BEGIN DATA TO PROCESS
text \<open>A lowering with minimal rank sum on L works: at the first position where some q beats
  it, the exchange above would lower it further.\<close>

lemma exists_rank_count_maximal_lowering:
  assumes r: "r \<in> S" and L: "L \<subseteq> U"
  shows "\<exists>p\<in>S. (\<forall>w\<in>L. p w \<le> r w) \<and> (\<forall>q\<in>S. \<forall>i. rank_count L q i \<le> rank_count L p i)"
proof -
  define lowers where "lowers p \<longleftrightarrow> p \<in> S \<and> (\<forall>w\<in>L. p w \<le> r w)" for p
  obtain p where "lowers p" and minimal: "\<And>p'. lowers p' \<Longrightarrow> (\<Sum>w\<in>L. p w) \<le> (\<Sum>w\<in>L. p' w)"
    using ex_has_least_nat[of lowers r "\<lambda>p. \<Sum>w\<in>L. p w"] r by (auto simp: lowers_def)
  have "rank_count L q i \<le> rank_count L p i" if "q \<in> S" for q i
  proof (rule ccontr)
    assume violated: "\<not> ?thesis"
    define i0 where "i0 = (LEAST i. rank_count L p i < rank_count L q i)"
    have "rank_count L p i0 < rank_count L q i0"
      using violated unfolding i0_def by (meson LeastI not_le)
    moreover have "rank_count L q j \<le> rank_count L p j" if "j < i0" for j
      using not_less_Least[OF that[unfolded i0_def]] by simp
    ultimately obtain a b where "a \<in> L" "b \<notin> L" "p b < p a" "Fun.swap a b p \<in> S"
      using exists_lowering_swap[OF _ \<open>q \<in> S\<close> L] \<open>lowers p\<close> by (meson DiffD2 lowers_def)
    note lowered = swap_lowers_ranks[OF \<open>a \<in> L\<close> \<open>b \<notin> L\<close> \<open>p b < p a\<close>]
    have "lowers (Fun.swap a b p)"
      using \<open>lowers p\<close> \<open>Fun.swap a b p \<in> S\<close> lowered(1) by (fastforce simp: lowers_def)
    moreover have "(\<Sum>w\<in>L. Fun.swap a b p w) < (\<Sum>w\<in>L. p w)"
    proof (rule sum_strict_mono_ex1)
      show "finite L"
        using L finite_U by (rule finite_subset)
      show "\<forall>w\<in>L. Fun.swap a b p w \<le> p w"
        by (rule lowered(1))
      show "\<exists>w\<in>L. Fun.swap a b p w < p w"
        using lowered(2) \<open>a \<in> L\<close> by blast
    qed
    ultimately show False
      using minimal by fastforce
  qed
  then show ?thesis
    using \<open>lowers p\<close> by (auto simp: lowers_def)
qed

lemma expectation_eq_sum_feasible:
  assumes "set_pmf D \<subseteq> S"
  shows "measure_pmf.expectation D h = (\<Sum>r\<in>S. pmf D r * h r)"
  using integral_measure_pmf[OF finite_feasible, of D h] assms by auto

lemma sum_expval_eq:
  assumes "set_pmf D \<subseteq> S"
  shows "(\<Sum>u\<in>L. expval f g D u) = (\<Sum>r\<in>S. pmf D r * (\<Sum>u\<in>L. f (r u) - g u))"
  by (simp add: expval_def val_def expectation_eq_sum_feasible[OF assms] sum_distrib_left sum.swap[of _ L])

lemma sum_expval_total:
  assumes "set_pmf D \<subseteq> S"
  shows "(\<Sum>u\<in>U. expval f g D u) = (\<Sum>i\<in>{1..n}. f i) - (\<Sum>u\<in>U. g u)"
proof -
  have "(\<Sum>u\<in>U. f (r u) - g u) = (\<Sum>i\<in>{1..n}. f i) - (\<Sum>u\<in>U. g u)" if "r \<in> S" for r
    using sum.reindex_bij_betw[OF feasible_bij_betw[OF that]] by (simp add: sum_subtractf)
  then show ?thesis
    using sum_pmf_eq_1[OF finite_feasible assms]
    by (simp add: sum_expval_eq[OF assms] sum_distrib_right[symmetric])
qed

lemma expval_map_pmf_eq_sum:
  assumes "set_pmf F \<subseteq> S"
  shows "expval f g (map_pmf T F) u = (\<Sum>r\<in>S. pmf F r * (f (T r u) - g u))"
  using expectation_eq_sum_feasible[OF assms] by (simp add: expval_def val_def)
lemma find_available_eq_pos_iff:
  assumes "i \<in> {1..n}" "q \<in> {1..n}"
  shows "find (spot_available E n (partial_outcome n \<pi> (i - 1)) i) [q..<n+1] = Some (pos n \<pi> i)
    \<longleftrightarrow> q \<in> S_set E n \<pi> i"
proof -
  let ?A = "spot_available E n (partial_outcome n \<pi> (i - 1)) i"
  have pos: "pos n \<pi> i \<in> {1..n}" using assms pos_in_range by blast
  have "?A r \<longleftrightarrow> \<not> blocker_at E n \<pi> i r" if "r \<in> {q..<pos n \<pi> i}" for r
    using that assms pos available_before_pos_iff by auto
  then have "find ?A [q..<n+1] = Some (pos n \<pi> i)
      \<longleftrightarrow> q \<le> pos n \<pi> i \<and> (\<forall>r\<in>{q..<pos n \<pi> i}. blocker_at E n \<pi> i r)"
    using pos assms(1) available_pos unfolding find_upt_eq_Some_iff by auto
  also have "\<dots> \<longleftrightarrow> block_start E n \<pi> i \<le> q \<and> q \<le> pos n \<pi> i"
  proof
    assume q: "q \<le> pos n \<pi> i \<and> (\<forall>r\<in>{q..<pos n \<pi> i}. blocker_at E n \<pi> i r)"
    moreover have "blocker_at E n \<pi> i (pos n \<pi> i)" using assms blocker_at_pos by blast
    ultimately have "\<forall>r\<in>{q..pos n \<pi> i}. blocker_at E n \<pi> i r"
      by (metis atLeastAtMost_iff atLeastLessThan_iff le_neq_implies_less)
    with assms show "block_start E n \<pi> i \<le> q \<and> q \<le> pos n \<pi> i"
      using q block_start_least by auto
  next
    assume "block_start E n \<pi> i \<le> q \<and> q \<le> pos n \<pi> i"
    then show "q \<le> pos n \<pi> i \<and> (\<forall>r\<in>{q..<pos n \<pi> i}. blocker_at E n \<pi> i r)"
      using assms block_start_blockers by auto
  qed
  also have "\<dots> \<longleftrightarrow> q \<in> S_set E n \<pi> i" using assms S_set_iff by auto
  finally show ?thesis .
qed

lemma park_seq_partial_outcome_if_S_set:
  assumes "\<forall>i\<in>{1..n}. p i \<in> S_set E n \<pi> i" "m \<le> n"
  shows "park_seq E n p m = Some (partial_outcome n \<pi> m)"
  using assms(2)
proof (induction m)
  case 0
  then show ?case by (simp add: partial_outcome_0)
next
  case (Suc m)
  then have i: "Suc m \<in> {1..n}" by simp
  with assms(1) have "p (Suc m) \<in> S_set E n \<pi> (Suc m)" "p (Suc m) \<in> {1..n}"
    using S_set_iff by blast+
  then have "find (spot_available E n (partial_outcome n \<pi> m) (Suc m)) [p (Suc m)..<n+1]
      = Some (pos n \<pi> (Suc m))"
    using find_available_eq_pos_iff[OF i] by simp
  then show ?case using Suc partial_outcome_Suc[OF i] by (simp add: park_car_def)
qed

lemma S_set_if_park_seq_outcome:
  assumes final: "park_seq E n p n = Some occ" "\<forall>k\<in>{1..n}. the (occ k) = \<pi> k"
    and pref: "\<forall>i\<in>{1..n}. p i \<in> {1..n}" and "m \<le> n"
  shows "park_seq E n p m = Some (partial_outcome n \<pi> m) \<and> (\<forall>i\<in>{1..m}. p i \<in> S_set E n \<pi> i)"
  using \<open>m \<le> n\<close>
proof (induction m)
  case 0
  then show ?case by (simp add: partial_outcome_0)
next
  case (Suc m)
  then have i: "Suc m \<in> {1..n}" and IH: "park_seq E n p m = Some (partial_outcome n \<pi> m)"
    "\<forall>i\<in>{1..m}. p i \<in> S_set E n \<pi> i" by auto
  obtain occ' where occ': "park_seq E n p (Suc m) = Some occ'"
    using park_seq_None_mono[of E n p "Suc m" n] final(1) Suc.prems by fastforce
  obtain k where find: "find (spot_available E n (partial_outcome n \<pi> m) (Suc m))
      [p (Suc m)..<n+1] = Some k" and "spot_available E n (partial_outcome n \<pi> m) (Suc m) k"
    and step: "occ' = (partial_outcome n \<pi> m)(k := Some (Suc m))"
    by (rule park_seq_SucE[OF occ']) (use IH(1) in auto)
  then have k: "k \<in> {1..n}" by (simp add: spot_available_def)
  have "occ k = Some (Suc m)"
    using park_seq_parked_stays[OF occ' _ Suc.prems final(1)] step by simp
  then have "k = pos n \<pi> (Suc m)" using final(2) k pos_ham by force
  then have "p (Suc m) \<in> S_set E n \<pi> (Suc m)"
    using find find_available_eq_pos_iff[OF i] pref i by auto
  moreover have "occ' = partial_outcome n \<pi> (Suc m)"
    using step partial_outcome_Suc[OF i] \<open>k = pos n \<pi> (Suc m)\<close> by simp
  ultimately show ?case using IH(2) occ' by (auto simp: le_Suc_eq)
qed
END DATA TO PROCESS
**THE PROBLEM:** Give again, word for word, every line of the listing above from the one with "r \<longleftrightarrow> \<not>" to the one with "with assms show", both inclusive, and nothing beyond them.

**EXERCISE OUTPUT:**
  have "?A r \<longleftrightarrow> \<not> blocker_at E n \<pi> i r" if "r \<in> {q..<pos n \<pi> i}" for r
    using that assms pos available_before_pos_iff by auto
  then have "find ?A [q..<n+1] = Some (pos n \<pi> i)
      \<longleftrightarrow> q \<le> pos n \<pi> i \<and> (\<forall>r\<in>{q..<pos n \<pi> i}. blocker_at E n \<pi> i r)"
    using pos assms(1) available_pos unfolding find_upt_eq_Some_iff by auto
  also have "\<dots> \<longleftrightarrow> block_start E n \<pi> i \<le> q \<and> q \<le> pos n \<pi> i"
  proof
    assume q: "q \<le> pos n \<pi> i \<and> (\<forall>r\<in>{q..<pos n \<pi> i}. blocker_at E n \<pi> i r)"
    moreover have "blocker_at E n \<pi> i (pos n \<pi> i)" using assms blocker_at_pos by blast
    ultimately have "\<forall>r\<in>{q..pos n \<pi> i}. blocker_at E n \<pi> i r"
      by (metis atLeastAtMost_iff atLeastLessThan_iff le_neq_implies_less)
    with assms show "block_start E n \<pi> i \<le> q \<and> q \<le> pos n \<pi> i"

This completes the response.